Please report how many lines of the data include the word "theorem", with the number as the entire reply.

━━ DATA EXCERPTS ━━

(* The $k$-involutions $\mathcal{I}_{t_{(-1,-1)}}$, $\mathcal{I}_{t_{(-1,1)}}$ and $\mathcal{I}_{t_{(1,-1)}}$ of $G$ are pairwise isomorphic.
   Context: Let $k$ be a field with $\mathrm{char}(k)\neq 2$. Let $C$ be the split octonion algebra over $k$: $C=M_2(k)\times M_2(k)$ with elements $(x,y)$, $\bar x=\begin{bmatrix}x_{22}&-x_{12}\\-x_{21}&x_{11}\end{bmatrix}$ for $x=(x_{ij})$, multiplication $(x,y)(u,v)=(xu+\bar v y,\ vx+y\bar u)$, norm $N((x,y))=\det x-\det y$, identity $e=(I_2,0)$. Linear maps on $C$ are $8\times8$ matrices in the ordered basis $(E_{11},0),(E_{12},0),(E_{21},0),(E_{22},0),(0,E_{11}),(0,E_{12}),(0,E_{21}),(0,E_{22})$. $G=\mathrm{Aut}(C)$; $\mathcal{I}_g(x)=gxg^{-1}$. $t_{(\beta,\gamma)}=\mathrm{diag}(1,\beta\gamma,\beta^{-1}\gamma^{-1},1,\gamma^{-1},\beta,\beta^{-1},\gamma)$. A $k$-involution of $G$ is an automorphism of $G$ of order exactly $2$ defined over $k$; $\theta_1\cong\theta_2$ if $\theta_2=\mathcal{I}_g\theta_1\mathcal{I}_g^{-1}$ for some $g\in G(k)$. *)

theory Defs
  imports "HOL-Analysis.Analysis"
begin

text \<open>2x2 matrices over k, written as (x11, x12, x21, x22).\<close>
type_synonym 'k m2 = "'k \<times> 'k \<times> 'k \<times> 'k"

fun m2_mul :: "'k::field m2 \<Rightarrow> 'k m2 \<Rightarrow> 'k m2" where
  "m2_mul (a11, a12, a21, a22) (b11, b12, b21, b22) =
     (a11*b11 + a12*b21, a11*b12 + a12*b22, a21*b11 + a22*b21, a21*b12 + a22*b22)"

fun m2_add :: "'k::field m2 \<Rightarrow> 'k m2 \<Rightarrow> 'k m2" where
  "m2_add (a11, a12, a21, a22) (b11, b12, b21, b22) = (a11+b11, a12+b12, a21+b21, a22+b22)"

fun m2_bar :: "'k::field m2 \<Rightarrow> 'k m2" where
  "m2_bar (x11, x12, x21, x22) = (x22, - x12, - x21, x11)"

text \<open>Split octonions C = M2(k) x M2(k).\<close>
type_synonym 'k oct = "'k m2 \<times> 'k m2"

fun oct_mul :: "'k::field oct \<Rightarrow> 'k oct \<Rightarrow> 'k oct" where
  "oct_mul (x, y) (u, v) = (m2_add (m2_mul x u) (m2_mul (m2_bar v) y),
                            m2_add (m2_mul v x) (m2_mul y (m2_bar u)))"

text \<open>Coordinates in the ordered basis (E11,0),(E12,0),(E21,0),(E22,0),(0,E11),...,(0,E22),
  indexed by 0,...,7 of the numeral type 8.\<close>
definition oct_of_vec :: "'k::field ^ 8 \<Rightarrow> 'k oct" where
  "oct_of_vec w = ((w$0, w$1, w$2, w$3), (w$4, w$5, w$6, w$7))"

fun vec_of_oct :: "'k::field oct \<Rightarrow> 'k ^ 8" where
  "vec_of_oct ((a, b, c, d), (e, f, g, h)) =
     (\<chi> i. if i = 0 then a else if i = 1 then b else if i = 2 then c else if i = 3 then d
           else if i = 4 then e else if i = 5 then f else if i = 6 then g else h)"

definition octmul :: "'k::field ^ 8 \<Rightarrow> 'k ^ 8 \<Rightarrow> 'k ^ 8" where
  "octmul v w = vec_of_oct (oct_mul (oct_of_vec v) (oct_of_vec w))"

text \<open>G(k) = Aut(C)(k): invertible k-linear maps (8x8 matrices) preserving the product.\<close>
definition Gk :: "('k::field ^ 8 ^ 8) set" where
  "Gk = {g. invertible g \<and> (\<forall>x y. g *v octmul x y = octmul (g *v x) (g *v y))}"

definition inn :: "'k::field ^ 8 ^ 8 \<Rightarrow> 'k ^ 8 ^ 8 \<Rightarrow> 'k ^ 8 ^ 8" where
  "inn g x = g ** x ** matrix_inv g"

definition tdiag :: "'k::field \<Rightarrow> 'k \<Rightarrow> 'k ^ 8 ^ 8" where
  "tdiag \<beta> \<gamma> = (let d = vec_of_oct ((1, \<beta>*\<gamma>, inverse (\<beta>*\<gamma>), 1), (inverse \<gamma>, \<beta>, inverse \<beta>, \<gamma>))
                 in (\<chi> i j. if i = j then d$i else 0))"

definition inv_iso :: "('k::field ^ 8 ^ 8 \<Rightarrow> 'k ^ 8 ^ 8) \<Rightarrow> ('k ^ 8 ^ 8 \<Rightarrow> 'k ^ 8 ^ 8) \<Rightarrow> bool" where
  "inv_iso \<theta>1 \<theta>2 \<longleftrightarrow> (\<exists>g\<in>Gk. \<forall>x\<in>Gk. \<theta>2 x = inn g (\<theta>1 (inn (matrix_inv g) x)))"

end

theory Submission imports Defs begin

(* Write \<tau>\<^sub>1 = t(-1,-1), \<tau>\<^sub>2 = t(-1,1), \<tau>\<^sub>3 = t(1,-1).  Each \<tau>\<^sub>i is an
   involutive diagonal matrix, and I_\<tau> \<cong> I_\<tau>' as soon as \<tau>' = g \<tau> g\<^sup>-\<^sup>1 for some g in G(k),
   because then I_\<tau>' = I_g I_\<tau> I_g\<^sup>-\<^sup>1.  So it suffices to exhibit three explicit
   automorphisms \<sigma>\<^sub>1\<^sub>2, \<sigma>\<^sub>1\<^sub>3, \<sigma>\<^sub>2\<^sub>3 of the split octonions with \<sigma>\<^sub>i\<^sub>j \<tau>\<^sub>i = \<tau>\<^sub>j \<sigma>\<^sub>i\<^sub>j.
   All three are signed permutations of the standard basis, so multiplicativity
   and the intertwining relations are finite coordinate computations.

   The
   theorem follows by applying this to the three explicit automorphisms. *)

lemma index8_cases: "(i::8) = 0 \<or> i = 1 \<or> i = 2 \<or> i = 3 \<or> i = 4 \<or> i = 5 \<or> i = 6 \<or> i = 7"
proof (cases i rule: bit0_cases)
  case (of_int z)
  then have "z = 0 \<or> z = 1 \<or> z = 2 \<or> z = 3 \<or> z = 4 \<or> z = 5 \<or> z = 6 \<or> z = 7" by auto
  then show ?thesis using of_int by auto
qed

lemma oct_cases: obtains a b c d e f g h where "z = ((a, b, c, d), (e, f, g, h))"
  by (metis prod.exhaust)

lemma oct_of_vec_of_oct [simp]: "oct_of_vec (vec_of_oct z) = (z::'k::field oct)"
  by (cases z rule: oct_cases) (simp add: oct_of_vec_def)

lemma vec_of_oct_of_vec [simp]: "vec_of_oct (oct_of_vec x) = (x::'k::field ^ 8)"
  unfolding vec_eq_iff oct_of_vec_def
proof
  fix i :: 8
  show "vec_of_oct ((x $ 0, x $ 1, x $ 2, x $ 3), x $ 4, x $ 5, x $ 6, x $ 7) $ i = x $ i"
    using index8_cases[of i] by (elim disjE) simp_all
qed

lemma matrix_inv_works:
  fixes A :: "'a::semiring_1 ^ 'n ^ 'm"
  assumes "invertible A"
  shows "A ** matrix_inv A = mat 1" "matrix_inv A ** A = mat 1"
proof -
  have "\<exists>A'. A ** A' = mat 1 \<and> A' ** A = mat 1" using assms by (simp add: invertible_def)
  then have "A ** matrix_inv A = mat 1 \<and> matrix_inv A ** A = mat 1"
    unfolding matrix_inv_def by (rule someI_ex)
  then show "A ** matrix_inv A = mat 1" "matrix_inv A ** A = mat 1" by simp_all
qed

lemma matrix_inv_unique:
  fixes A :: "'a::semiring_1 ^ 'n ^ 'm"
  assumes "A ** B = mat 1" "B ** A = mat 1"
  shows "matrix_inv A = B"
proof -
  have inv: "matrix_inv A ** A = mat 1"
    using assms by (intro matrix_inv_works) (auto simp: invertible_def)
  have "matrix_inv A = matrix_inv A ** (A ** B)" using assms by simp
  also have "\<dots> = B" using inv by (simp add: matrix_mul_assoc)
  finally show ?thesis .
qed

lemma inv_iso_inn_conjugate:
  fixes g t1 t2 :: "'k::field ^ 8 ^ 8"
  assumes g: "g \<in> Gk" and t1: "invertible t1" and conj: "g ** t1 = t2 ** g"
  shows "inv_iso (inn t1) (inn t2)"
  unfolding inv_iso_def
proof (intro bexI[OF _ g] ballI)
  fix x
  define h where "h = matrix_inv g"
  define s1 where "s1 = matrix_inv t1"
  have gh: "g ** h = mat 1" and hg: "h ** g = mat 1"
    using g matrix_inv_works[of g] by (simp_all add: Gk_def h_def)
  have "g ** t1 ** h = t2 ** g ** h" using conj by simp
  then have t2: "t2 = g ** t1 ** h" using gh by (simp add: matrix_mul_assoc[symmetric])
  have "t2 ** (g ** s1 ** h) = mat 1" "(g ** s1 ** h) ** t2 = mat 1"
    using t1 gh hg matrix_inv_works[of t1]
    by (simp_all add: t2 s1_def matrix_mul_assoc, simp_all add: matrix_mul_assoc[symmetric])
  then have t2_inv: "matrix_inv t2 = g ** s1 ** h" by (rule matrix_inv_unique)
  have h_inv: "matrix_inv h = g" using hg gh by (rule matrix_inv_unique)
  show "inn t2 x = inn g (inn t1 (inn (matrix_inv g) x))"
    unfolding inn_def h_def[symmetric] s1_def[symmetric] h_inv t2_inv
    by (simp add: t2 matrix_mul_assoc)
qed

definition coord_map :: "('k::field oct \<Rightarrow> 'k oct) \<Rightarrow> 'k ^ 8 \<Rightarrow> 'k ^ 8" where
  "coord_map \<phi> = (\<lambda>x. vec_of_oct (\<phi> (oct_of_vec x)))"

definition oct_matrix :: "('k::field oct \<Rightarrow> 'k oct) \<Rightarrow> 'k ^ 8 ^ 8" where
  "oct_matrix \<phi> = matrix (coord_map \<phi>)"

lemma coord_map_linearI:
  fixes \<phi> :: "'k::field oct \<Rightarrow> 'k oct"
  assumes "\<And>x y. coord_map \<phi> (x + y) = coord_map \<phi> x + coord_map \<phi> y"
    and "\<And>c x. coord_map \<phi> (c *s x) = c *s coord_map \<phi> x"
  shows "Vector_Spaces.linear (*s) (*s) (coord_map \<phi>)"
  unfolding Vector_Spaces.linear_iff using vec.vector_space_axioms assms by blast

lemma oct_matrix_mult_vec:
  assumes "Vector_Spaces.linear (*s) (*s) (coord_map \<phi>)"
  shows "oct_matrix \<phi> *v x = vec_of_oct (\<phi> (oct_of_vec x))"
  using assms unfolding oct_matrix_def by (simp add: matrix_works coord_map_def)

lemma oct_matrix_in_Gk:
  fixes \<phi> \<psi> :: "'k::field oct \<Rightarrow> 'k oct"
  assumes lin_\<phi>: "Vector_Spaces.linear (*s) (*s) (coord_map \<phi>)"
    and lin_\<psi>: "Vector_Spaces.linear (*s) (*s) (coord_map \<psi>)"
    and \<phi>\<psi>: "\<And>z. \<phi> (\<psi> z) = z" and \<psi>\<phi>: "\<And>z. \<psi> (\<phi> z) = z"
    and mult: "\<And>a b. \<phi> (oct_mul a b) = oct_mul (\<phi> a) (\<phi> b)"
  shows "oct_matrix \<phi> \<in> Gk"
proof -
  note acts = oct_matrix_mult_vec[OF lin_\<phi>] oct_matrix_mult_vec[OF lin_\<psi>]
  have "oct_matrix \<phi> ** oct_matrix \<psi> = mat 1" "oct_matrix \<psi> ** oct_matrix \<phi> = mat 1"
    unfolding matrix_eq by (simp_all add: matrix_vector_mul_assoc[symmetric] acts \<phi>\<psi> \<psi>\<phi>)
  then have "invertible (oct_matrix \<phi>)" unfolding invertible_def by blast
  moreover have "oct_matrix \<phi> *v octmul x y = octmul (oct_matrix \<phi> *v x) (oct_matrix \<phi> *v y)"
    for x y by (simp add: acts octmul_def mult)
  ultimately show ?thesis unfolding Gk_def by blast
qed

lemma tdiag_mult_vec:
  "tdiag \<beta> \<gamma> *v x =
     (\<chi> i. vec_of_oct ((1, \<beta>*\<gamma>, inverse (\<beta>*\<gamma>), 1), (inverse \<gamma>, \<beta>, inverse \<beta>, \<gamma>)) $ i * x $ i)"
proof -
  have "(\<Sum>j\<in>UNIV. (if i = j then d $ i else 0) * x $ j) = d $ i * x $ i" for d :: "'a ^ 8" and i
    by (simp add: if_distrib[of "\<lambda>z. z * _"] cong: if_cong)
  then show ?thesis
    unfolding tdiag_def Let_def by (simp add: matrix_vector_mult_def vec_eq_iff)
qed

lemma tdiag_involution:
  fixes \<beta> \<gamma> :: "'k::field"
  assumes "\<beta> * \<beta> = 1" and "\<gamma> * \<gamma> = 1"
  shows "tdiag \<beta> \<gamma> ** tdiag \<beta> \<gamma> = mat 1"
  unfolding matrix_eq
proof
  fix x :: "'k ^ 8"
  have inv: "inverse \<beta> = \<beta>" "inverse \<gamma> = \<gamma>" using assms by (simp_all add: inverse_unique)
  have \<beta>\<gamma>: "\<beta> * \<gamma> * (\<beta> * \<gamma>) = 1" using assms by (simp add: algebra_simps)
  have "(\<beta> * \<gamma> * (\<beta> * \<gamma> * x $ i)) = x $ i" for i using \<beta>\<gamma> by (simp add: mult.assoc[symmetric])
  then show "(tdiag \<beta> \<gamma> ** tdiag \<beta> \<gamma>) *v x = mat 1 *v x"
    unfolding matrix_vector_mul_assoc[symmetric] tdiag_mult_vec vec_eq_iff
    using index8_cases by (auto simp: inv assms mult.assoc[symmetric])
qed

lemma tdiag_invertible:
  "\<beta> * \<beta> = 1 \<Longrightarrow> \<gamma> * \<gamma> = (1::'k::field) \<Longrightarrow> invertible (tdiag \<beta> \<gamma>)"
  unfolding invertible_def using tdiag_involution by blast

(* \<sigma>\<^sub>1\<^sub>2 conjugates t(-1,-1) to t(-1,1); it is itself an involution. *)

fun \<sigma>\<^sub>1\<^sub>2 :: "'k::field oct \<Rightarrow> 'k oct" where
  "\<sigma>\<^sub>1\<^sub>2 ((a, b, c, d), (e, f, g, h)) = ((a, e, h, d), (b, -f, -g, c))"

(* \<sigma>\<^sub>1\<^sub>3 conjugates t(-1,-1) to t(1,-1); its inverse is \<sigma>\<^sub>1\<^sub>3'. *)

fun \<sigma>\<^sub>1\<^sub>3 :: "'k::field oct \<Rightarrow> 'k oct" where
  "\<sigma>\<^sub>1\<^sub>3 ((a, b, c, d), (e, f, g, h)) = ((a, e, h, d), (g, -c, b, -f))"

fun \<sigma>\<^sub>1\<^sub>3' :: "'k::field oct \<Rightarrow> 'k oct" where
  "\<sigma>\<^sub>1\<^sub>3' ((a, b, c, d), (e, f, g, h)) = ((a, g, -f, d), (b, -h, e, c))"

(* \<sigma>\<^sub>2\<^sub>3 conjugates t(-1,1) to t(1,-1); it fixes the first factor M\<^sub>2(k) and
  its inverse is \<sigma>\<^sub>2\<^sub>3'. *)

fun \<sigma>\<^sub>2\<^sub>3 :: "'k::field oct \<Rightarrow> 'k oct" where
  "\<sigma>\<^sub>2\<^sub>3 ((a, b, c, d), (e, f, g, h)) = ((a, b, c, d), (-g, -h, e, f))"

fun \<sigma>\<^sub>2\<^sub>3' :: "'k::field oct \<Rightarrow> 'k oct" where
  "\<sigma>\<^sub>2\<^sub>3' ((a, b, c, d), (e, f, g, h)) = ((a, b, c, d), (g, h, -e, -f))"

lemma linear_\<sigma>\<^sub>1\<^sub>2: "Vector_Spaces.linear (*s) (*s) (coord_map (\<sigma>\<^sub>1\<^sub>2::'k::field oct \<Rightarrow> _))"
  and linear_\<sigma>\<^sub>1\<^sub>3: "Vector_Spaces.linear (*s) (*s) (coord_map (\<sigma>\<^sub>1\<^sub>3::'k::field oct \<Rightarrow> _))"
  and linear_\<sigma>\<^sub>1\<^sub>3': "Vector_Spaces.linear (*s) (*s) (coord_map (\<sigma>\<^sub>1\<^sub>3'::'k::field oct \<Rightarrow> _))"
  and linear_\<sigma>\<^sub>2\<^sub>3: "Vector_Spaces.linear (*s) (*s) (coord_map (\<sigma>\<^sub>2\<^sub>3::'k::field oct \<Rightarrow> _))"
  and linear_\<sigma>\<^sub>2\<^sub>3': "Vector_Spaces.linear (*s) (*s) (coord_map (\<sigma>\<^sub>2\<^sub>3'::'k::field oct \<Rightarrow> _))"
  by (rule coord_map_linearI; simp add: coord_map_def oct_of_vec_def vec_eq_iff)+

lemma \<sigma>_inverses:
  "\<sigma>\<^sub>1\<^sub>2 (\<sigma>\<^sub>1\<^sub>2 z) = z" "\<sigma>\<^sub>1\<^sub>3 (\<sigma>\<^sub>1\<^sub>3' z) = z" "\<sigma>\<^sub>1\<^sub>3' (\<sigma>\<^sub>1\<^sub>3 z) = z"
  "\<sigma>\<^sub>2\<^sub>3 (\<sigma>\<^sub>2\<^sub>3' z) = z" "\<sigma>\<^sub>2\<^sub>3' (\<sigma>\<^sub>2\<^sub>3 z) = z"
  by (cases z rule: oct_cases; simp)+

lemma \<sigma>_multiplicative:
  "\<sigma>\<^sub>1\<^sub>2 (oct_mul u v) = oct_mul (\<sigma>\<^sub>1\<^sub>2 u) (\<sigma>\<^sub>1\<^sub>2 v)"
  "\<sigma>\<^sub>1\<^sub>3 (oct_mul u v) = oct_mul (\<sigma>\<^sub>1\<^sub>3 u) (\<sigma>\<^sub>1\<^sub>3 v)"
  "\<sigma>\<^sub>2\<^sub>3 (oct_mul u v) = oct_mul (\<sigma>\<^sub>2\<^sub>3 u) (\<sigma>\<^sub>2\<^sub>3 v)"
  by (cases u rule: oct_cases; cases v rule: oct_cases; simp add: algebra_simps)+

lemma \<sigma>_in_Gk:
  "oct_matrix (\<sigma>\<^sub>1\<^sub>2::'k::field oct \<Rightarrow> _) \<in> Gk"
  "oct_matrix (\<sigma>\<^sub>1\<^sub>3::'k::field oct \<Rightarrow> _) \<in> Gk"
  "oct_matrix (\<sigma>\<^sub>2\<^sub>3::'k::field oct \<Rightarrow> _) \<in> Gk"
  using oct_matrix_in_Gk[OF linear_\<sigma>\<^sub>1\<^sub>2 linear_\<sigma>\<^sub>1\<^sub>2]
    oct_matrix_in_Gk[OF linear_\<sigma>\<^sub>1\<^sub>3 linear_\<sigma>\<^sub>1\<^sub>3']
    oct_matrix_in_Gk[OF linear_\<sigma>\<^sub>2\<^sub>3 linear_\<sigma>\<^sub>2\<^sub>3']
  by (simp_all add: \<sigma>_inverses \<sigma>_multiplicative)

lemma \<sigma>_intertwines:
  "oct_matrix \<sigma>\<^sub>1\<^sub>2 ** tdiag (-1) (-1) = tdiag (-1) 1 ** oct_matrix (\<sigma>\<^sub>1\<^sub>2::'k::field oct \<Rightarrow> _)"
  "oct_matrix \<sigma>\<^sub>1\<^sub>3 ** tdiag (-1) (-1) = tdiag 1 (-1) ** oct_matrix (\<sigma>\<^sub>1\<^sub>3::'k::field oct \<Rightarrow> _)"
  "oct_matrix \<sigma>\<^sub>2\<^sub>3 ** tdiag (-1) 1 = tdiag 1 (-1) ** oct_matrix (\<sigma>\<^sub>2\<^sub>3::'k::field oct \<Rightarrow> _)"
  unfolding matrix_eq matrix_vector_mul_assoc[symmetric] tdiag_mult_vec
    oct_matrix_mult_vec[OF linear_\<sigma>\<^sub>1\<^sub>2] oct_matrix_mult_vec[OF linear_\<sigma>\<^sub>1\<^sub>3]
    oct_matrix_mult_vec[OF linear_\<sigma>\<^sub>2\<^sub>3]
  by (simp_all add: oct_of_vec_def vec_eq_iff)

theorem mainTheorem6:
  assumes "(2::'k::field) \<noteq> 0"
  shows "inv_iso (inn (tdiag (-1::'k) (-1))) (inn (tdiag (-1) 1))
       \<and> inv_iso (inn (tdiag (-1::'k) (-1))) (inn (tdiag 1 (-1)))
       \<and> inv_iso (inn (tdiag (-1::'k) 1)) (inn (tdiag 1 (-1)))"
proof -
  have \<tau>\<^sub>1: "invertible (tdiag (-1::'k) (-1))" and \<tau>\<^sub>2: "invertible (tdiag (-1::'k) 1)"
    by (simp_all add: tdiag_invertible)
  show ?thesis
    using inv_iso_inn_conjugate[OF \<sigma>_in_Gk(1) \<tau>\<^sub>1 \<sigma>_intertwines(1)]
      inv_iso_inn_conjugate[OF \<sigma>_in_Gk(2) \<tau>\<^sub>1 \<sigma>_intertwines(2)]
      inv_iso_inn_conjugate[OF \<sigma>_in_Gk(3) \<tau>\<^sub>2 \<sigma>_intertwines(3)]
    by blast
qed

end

━━━

_REPLY TO THE EXERCISE_.
2